Why would you need weeks of training to use some OCR tool? No comparison to any used alternatives in the article. And only using "unusually legible" isn't that relevant for the… usual cases

> This is basically perfect,

I’ve counted at least 5 errors on the first line, how is this anywhere close to perfection???

Same with translation: first, is this an obscure text that has no existing translation to compare the accuracy to instead of relying on your own poor knowledge? Second, what about existing tools?

> which I hadn’t considered as being relevant to understanding a specific early modern map, but which, on reflection, actually are (the Peter Burke book on the Renaissance sense of the past).

How?

> Does this replace the actual reading required? Not at all.

With seemingly irrelevant books like the previous one, yes, it does, the poor student has a rather limited time budget

benbreen · 7 months ago
I agree, I probably should've gone into more detail on the actual case studies and implications. I may write this up as a more academic article at some point so I have space to do that.

To your point about OCR: I think you'll find that the existing OCR tools will not know where to begin with the 18th century Mexican medical text in the second case study. If you can find one that is able to transcribe that lettering, please do let me know because it would be incredibly useful.

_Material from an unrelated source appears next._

(* Let $(M,\varphi,g)$ be an anti-paraKähler manifold of dimension $2k\ge 2$, and let $g_{BS}$ be the Berger type deformed Sasaki metric on $TM$ with constant $\delta\neq0$, and $g_S$ the Sasaki metric on $TM$. Then the identity map $I:(TM,g_{BS})\to(TM,g_S)$ is not totally geodesic, and it is not harmonic (i.e. $g_S$ is not harmonic with respect to $g_{BS}$: its tension field $\tau_{g_{BS}}(I)=\mathrm{trace}_{g_{BS}}\big({}^{S}\nabla-{}^{BS}\nabla\big)$ does not vanish identically).
   Context: An anti-paraKähler manifold $(M,\varphi,g)$ of dimension $2k$ consists of a Riemannian metric $g$ and a $(1,1)$-tensor field $\varphi$ with $\varphi^2=\mathrm{id}$ whose $(+1)$- and $(-1)$-eigenbundles both have rank $k$, such that $g(\varphi X,Y)=g(X,\varphi Y)$ for all vector fields $X,Y$ and $\nabla\varphi=0$, where $\nabla$ is the Levi-Civita connection of $g$. Let $\pi:TM\to M$ be the tangent bundle; points of $TM$ are denoted $u$. For a vector field $X$ on $M$, $X^H$ denotes its horizontal lift to $TM$ with respect to $\nabla$ and $X^V$ its vertical lift. For a constant $\delta$, the Berger type deformed Sasaki metric $g_{BS}$ on $TM$ is the Riemannian metric defined at $u\in TM$ by $g_{BS}(X^H,Y^H)=g(X,Y)$, $g_{BS}(X^H,Y^V)=g_{BS}(X^V,Y^H)=0$, $g_{BS}(X^V,Y^V)=g(X,Y)+\delta^2 g(X,\varphi u)\,g(Y,\varphi u)$ (all evaluated at $\pi(u)$). The Sasaki metric $g_S$ is the same expression with $\delta=0$. ${}^{BS}\nabla$ and ${}^{S}\nabla$ denote the Levi-Civita connections of $g_{BS}$ and $g_S$. For the identity map $I:(TM,g_{BS})\to(TM,g_S)$ the second fundamental form is $\beta(I)={}^{S}\nabla-{}^{BS}\nabla$; $I$ is totally geodesic if $\beta(I)=0$ and harmonic if $\mathrm{trace}_{g_{BS}}\beta(I)=0$. *)

theory Defs
  imports "HOL-Analysis.Analysis"
begin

Speaking entirely for myself here, a pretty significant part of what professional historians do is to take a ton of photos of hard-to-read archival documents, then slowly puzzle them out after the fact - not by using any OCR tool (because none of them that I'm aware of are good enough to deal with difficult paleography) but the old fashioned way, by printing them out, finding individual letters or words that are readable, and then going from there. It's tedious work and it requires at least a few days of training to get the hang of.

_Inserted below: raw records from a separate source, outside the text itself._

lemma bounded_homotopic_rsl_lsr:
  "bounded_homotopic 0 1 (-2) 1
    (3/2 * pi + 2 + 3/2 * pi, rsl_path 0 1 (3/2 * pi) 2 (3/2 * pi))
    (3/2 * pi + 2 + 3/2 * pi, lsr_path 0 1 (3/2 * pi) 2 (3/2 * pi))"
  unfolding bounded_homotopic_def
proof (intro exI[of _ rsl_lsr_homotopy] conjI ballI allI impI)
  show "rsl_lsr_homotopy 0 = (3/2 * pi + 2 + 3/2 * pi, rsl_path 0 1 (3/2 * pi) 2 (3/2 * pi))"
    "rsl_lsr_homotopy 1 = (3/2 * pi + 2 + 3/2 * pi, lsr_path 0 1 (3/2 * pi) 2 (3/2 * pi))"
    by (simp_all add: rsl_lsr_homotopy_def)
qed (simp_all add: bcp_rsl_lsr_homotopy rsl_lsr_homotopy_continuous)

theorem mainTheorem3:
  shows "\<exists>x X y Y a b c a' b' c'.
    norm X = 1 \<and> norm Y = 1 \<and>
    0 < a \<and> a < 2 * pi \<and> 0 < b \<and> 0 < c \<and> c < 2 * pi \<and>
    0 < a' \<and> a' < 2 * pi \<and> 0 < b' \<and> 0 < c' \<and> c' < 2 * pi \<and>
    bcp x X y Y (a + b + c) (rsl_path x X a b c) \<and>
    bcp x X y Y (a' + b' + c') (lsr_path x X a' b' c') \<and>
    bounded_homotopic x X y Y (a + b + c, rsl_path x X a b c) (a' + b' + c', lsr_path x X a' b' c')"
proof -
  have "bcp 0 1 (-2) 1 (3/2 * pi + 2 + 3/2 * pi) (rsl_path 0 1 (3/2 * pi) 2 (3/2 * pi))"
    using bcp_rsl_lsr_homotopy[of 0] by (simp add: rsl_lsr_homotopy_def)
  moreover have "bcp 0 1 (-2) 1 (3/2 * pi + 2 + 3/2 * pi) (lsr_path 0 1 (3/2 * pi) 2 (3/2 * pi))"
    using bcp_rsl_lsr_homotopy[of 1] by (simp add: rsl_lsr_homotopy_def)
  moreover have "0 < 3/2 * pi" "3/2 * pi < 2 * pi"
    using pi_gt_zero by simp_all
  moreover have "norm (1 :: complex) = 1" "0 < (2 :: real)"
    by simp_all
  ultimately show ?thesis
    using bounded_homotopic_rsl_lsr by blast
qed

end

If anyone wants to get a sense of what this paleography actually looks like, this is something I wrote about back in 2013 when I was in grad school - https://resobscura.blogspot.com/2013/07/why-does-s-look-like...

For those looking for a specific example of an intermediate-difficulty level manuscript in English, that post shows a manuscript of the John Donne poem "A Triple Fool" which gives a sense of a typical 17th century paleography challenge that GPT-4o is able to transcribe (and which, as far as I know, OCR tools can't handle - though please correct me if I'm wrong). The "Sea surgeon" manuscript below it is what I would consider advanced-intermediate and is around the point where GPT-4o, and probably most PhD students in history, gets completely lost.

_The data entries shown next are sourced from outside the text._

lemma weighted_sq_le_wsqdist:
  assumes "i < n" "s < m i"
  shows "\<omega> i * (x i s - y i s)^2 \<le> wsqdist x y"
proof -
  have "\<omega> i * (x i s - y i s)^2 \<le> \<omega> i * (\<Sum>s<m i. (x i s - y i s)^2)"
    using assms by (intro mult_left_mono member_le_sum weights_nonneg) auto
  also have "\<dots> \<le> wsqdist x y"
    unfolding wsqdist_def using assms
    by (intro member_le_sum) (auto intro!: mult_nonneg_nonneg sum_nonneg weights_nonneg)
  finally show ?thesis .
qed

lemma lyapunov_eq_weighted_KL:
  assumes x: "x \<in> \<Delta>"
  shows "lyapunov x = (\<Sum>i<n. \<omega> i * (\<Sum>s<m i. x i s * (ln (x i s) - ln (f i s x))))"
proof -
  have KL: "(\<Sum>s<m i. x i s * (ln (x i s) - ln (f i s x))) =
      (\<Sum>s<m i. x i s * ln (x i s)) + ln (logit_denom i x) - \<beta> * (\<Sum>s<m i. x i s * u i s x)"
    if i: "i < n" for i
  proof -
    have "(\<Sum>s<m i. x i s * (ln (x i s) - ln (f i s x))) =
        (\<Sum>s<m i. x i s * ln (x i s) - \<beta> * (x i s * u i s x) + ln (logit_denom i x) * x i s)"
      by (rule sum.cong) (simp_all add: ln_logit[OF i] algebra_simps)
    also have "\<dots> = (\<Sum>s<m i. x i s * ln (x i s)) - \<beta> * (\<Sum>s<m i. x i s * u i s x)
        + ln (logit_denom i x) * (\<Sum>s<m i. x i s)"
      by (simp add: sum.distrib sum_subtractf sum_distrib_left)
    finally show ?thesis using simplex_prod_sum[OF x i] by simp
  qed
  have "(\<Sum>i<n. \<omega> i * (\<Sum>s<m i. x i s * (ln (x i s) - ln (f i s x)))) =
      (\<Sum>i<n. \<omega> i * ((\<Sum>s<m i. x i s * ln (x i s)) + ln (logit_denom i x))
         - \<beta> * (\<omega> i * (\<Sum>s<m i. x i s * u i s x)))"
    by (intro sum.cong refl) (simp only: lessThan_iff KL, simp add: algebra_simps)
  also have "\<dots> = lyapunov x - \<beta> * payoff_form x x"
    by (simp add: lyapunov_def payoff_form_def sum_subtractf sum_distrib_left)
  finally show ?thesis using payoff_form_self[OF x] by simp
qed

lemma residual_le_4_lyapunov:
  assumes x: "x \<in> \<Delta>"
  shows "residual x \<le> 4 * lyapunov x"
proof -
  have "\<omega> i * (\<Sum>s<m i. (x i s - f i s x)^2) / 4 \<le> \<omega> i * (\<Sum>s<m i. x i s * (ln (x i s) - ln (f i s x)))"
    if i: "i < n" for i
  proof -
    have "(\<Sum>s<m i. (x i s - f i s x)^2 / 4)
        \<le> (\<Sum>s<m i. x i s * (ln (x i s) - ln (f i s x)) + f i s x - x i s)"
      using i by (intro sum_mono entropy_term_ge_sq_diff)
        (auto simp: simplex_prod_nonneg[OF x] simplex_prod_le_1[OF x] logit_pos logit_le_1)
    also have "\<dots> = (\<Sum>s<m i. x i s * (ln (x i s) - ln (f i s x)))"
      using i by (simp add: sum.distrib sum_subtractf logit_sum simplex_prod_sum[OF x])
    finally show ?thesis using weights_pos[OF i]
      by (simp add: mult_left_mono flip: sum_divide_distrib times_divide_eq_right)
  qed
  hence "(\<Sum>i<n. \<omega> i * (\<Sum>s<m i. (x i s - f i s x)^2) / 4) \<le> lyapunov x"
    unfolding lyapunov_eq_weighted_KL[OF x] by (intro sum_mono) auto
  thus ?thesis by (simp add: residual_def flip: sum_divide_distrib)
qed

lemma lyapunov_nonneg: "x \<in> \<Delta> \<Longrightarrow> 0 \<le> lyapunov x"
  using residual_le_4_lyapunov[of x] residual_nonneg[of x] by linarith

lemma lyapunov_le_residual_div:
  assumes x: "x \<in> \<Delta>" and \<delta>: "0 < \<delta>" "\<And>i s. i < n \<Longrightarrow> s < m i \<Longrightarrow> \<delta> \<le> f i s x"
  shows "lyapunov x \<le> residual x / \<delta>"
proof -
  have "\<omega> i * (\<Sum>s<m i. x i s * (ln (x i s) - ln (f i s x))) \<le> \<omega> i * (\<Sum>s<m i. (x i s - f i s x)^2) / \<delta>"
    if i: "i < n" for i
  proof -
    have "x i s * (ln (x i s) - ln (f i s x)) \<le> (x i s - f i s x)^2 / \<delta> + x i s - f i s x"
      if s: "s < m i" for s
    proof -
      have "x i s * (ln (x i s) - ln (f i s x)) \<le> (x i s - f i s x)^2 / f i s x + x i s - f i s x"
        using i s by (intro entropy_term_le_chi_sq_term) (auto simp: simplex_prod_nonneg[OF x] logit_pos)
      also have "(x i s - f i s x)^2 / f i s x \<le> (x i s - f i s x)^2 / \<delta>"
        using i s \<delta> by (intro divide_left_mono) (auto simp: logit_pos)
      finally show ?thesis by simp
    qed
    hence "(\<Sum>s<m i. x i s * (ln (x i s) - ln (f i s x)))
        \<le> (\<Sum>s<m i. (x i s - f i s x)^2 / \<delta> + x i s - f i s x)"
      by (intro sum_mono) auto
    also have "\<dots> = (\<Sum>s<m i. (x i s - f i s x)^2) / \<delta>"
      using i by (simp add: sum.distrib sum_subtractf logit_sum simplex_prod_sum[OF x] sum_divide_distrib)
    finally show ?thesis using weights_pos[OF i] by (simp add: mult_left_mono flip: times_divide_eq_right)
  qed
  hence "lyapunov x \<le> (\<Sum>i<n. \<omega> i * (\<Sum>s<m i. (x i s - f i s x)^2) / \<delta>)"
    unfolding lyapunov_eq_weighted_KL[OF x] by (intro sum_mono) auto
  thus ?thesis by (simp add: residual_def sum_divide_distrib)
qed

lemma residual_le_dissipation:
  assumes x: "x \<in> \<Delta>" and pos: "\<And>i s. i < n \<Longrightarrow> s < m i \<Longrightarrow> 0 < x i s"
  shows "residual x \<le> dissipation x"
  unfolding residual_def dissipation_def
proof (intro sum_mono mult_left_mono)
  fix i s assume "i \<in> {..<n}" "s \<in> {..<m i}"
  thus "(x i s - f i s x)^2 \<le> (f i s x - x i s) * (ln (f i s x) - ln (x i s))"
    using sq_diff_le_diff_mult_ln_diff[of "f i s x" "x i s"]
    by (simp add: logit_pos logit_le_1 pos simplex_prod_le_1[OF x] power2_commute)
qed (simp add: weights_nonneg)

lemma has_derivative_lyapunov:
  assumes deriv: "\<And>i s. i < n \<Longrightarrow> s < m i \<Longrightarrow> ((\<lambda>\<tau>. \<gamma> \<tau> i s) has_real_derivative \<gamma>' i s) (at t within S)"
    and pos: "\<And>i s. i < n \<Longrightarrow> s < m i \<Longrightarrow> 0 < \<gamma> t i s"
  shows "((\<lambda>\<tau>. lyapunov (\<gamma> \<tau>)) has_real_derivative lyapunov_deriv (\<gamma> t) \<gamma>') (at t within S)"
proof -
  have d_util: "((\<lambda>\<tau>. u i s (\<gamma> \<tau>)) has_real_derivative u i s \<gamma>') (at t within S)" for i s
    unfolding util_def by (intro DERIV_sum DERIV_cmult deriv) (auto simp: neighbors_def)
  have d_denom: "((\<lambda>\<tau>. logit_denom i (\<gamma> \<tau>)) has_real_derivative
      (\<Sum>s<m i. exp (\<beta> * u i s (\<gamma> t)) * (\<beta> * u i s \<gamma>'))) (at t within S)" for i
    unfolding logit_denom_def by (intro DERIV_sum) (rule derivative_eq_intros d_util refl | simp)+
  have d_ln_denom: "((\<lambda>\<tau>. ln (logit_denom i (\<gamma> \<tau>))) has_real_derivative
      \<beta> * (\<Sum>s<m i. f i s (\<gamma> t) * u i s \<gamma>')) (at t within S)" if i: "i < n" for i
  proof -
    have "((\<lambda>\<tau>. ln (logit_denom i (\<gamma> \<tau>))) has_real_derivative
        1 / logit_denom i (\<gamma> t) * (\<Sum>s<m i. exp (\<beta> * u i s (\<gamma> t)) * (\<beta> * u i s \<gamma>'))) (at t within S)"
      by (rule derivative_eq_intros d_denom refl | simp add: logit_denom_pos[OF i])+
    also have "1 / logit_denom i (\<gamma> t) * (\<Sum>s<m i. exp (\<beta> * u i s (\<gamma> t)) * (\<beta> * u i s \<gamma>'))
        = \<beta> * (\<Sum>s<m i. f i s (\<gamma> t) * u i s \<gamma>')"
      by (simp add: logit_eq_exp_div sum_distrib_left sum_divide_distrib algebra_simps)
    finally show ?thesis .
  qed
  have d_entropy: "((\<lambda>\<tau>. \<gamma> \<tau> i s * ln (\<gamma> \<tau> i s)) has_real_derivative \<gamma>' i s * (ln (\<gamma> t i s) + 1))
      (at t within S)" if i: "i < n" and s: "s < m i" for i s
  proof -
    have "((\<lambda>\<tau>. \<gamma> \<tau> i s * ln (\<gamma> \<tau> i s)) has_real_derivative
        \<gamma>' i s * ln (\<gamma> t i s) + \<gamma> t i s * (1 / \<gamma> t i s * \<gamma>' i s)) (at t within S)"
      by (rule derivative_eq_intros deriv[OF i s] refl | simp add: pos[OF i s])+
    also have "\<gamma>' i s * ln (\<gamma> t i s) + \<gamma> t i s * (1 / \<gamma> t i s * \<gamma>' i s) = \<gamma>' i s * (ln (\<gamma> t i s) + 1)"
      using pos[OF i s] by (simp add: field_simps)
    finally show ?thesis .
  qed
  show ?thesis
    unfolding lyapunov_def lyapunov_deriv_def
    by (intro DERIV_sum DERIV_cmult DERIV_add d_ln_denom d_entropy) auto
qed

lemma lyapunov_deriv_scale: "lyapunov_deriv x (\<lambda>i s. k * d i s) = k * lyapunov_deriv x d"
  unfolding lyapunov_deriv_def util_scale by (simp add: sum_distrib_left sum.distrib algebra_simps)

lemma lyapunov_deriv_toward_logit:
  assumes x: "x \<in> \<Delta>"
  shows "lyapunov_deriv x (\<lambda>i s. k * (logit_state x i s - x i s)) = - k * dissipation x"
proof -
  have "lyapunov_deriv x (\<lambda>i s. logit_state x i s - x i s)
      = (\<Sum>i<n. \<beta> * (\<omega> i * (\<Sum>s<m i. logit_state x i s * u i s (logit_state x)))
          - \<beta> * (\<omega> i * (\<Sum>s<m i. x i s * u i s x))
          - \<omega> i * (\<Sum>s<m i. (f i s x - x i s) * (ln (f i s x) - ln (x i s))))"
    unfolding lyapunov_deriv_def
    by (intro sum.cong refl) (simp only: lessThan_iff logit_direction_identity[OF x], simp add: algebra_simps)
  also have "\<dots> = \<beta> * payoff_form (logit_state x) (logit_state x) - \<beta> * payoff_form x x - dissipation x"
    by (simp only: payoff_form_def dissipation_def sum_distrib_left sum_subtractf)
  finally show ?thesis
    using payoff_form_self[OF x] payoff_form_self[OF logit_state_in_simplex] lyapunov_deriv_scale
    by simp
qed

section \<open>Existence and uniqueness of the QRE\<close>

text \<open>The competitive structure enters here: the terms in \<open>ln (f i s y) - ln (f i s x)\<close>
  linear in \<open>u\<close> add up to \<open>\<beta> * payoff_form (x - y) (x - y) = 0\<close>.\<close>
lemma cross_entropy_QRE:
  assumes x: "x \<in> \<Delta>" and y: "is_QRE n m E A \<beta> y"
  shows "(\<Sum>i<n. \<omega> i * (\<Sum>s<m i. (x i s - y i s) * (ln (x i s) - ln (y i s))))
       = (\<Sum>i<n. \<omega> i * (\<Sum>s<m i. (x i s - y i s) * (ln (x i s) - ln (f i s x))))"
proof -
  define d where "d = (\<lambda>j t. x j t - y j t)"
  have per_population: "(\<Sum>s<m i. d i s * (ln (x i s) - ln (y i s))) =
      (\<Sum>s<m i. d i s * (ln (x i s) - ln (f i s x))) + \<beta> * (\<Sum>s<m i. d i s * u i s d)"
    if i: "i < n" for i
  proof -
    have "d i s * (ln (x i s) - ln (y i s)) = d i s * (ln (x i s) - ln (f i s x)) + \<beta> * (d i s * u i s d)
        - (ln (logit_denom i x) - ln (logit_denom i y)) * d i s" if s: "s < m i" for s
    proof -
      have ln_y: "ln (y i s) = \<beta> * u i s y - ln (logit_denom i y)"
        using QRE_eq_logit[OF y i s] ln_logit[OF i] by metis
      have u_d: "u i s d = u i s x - u i s y" unfolding d_def by (rule util_diff)
      show ?thesis unfolding ln_logit[OF i] ln_y u_d by (simp add: algebra_simps)
    qed
    hence "(\<Sum>s<m i. d i s * (ln (x i s) - ln (y i s))) =
        (\<Sum>s<m i. d i s * (ln (x i s) - ln (f i s x)) + \<beta> * (d i s * u i s d)
          - (ln (logit_denom i x) - ln (logit_denom i y)) * d i s)"
      by (intro sum.cong) auto
    also have "\<dots> = (\<Sum>s<m i. d i s * (ln (x i s) - ln (f i s x))) + \<beta> * (\<Sum>s<m i. d i s * u i s d)
        - (ln (logit_denom i x) - ln (logit_denom i y)) * (\<Sum>s<m i. d i s)"
      by (simp add: sum.distrib sum_subtractf sum_distrib_left)
    also have "(\<Sum>s<m i. d i s) = 0"
      using simplex_prod_sum[OF x i] simplex_prod_sum[OF QRE_in_simplex[OF y] i]
      by (simp add: d_def sum_subtractf)
    finally show ?thesis by simp
  qed
  have "(\<Sum>i<n. \<omega> i * (\<Sum>s<m i. d i s * (ln (x i s) - ln (y i s))))
      = (\<Sum>i<n. \<omega> i * (\<Sum>s<m i. d i s * (ln (x i s) - ln (f i s x)))) + \<beta> * payoff_form d d"
    by (simp add: per_population payoff_form_def distrib_left sum.distrib sum_distrib_left mult_ac)
  also have "payoff_form d d = 0"
    unfolding d_def using payoff_form_diff_self[OF x QRE_in_simplex[OF y]] .
  finally show ?thesis by (simp add: d_def)
qed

re: basically perfect, the errors I see are entirely typos which don't change the meaning (descritto instead of descritta, and the like). So yes, not perfect, but not anything which would impact a historical researcher. In terms of existing tools for translation, the state of the art that I was aware of before LLMs is Google Translate, and I think anyone who tries both on the same text can see which works better there.

re: "irrelevant books," there's really no way to make an objective statement about what's relevant and what's not until you actually read something rather than an AI summary. For that reason, in my own work, this is very much about augmenting rather than replacing human labor. The main work begins after this sort of LLM-augmented research. It isn't replaced by it in any way.

eviks · 7 months ago
> To your point about OCR: I think you'll find that the existing OCR tools will not know where to begin with the 18th century Mexican medical text in the second case study. If you can find one that is able to transcribe that lettering, please do let me know because it would be incredibly useful.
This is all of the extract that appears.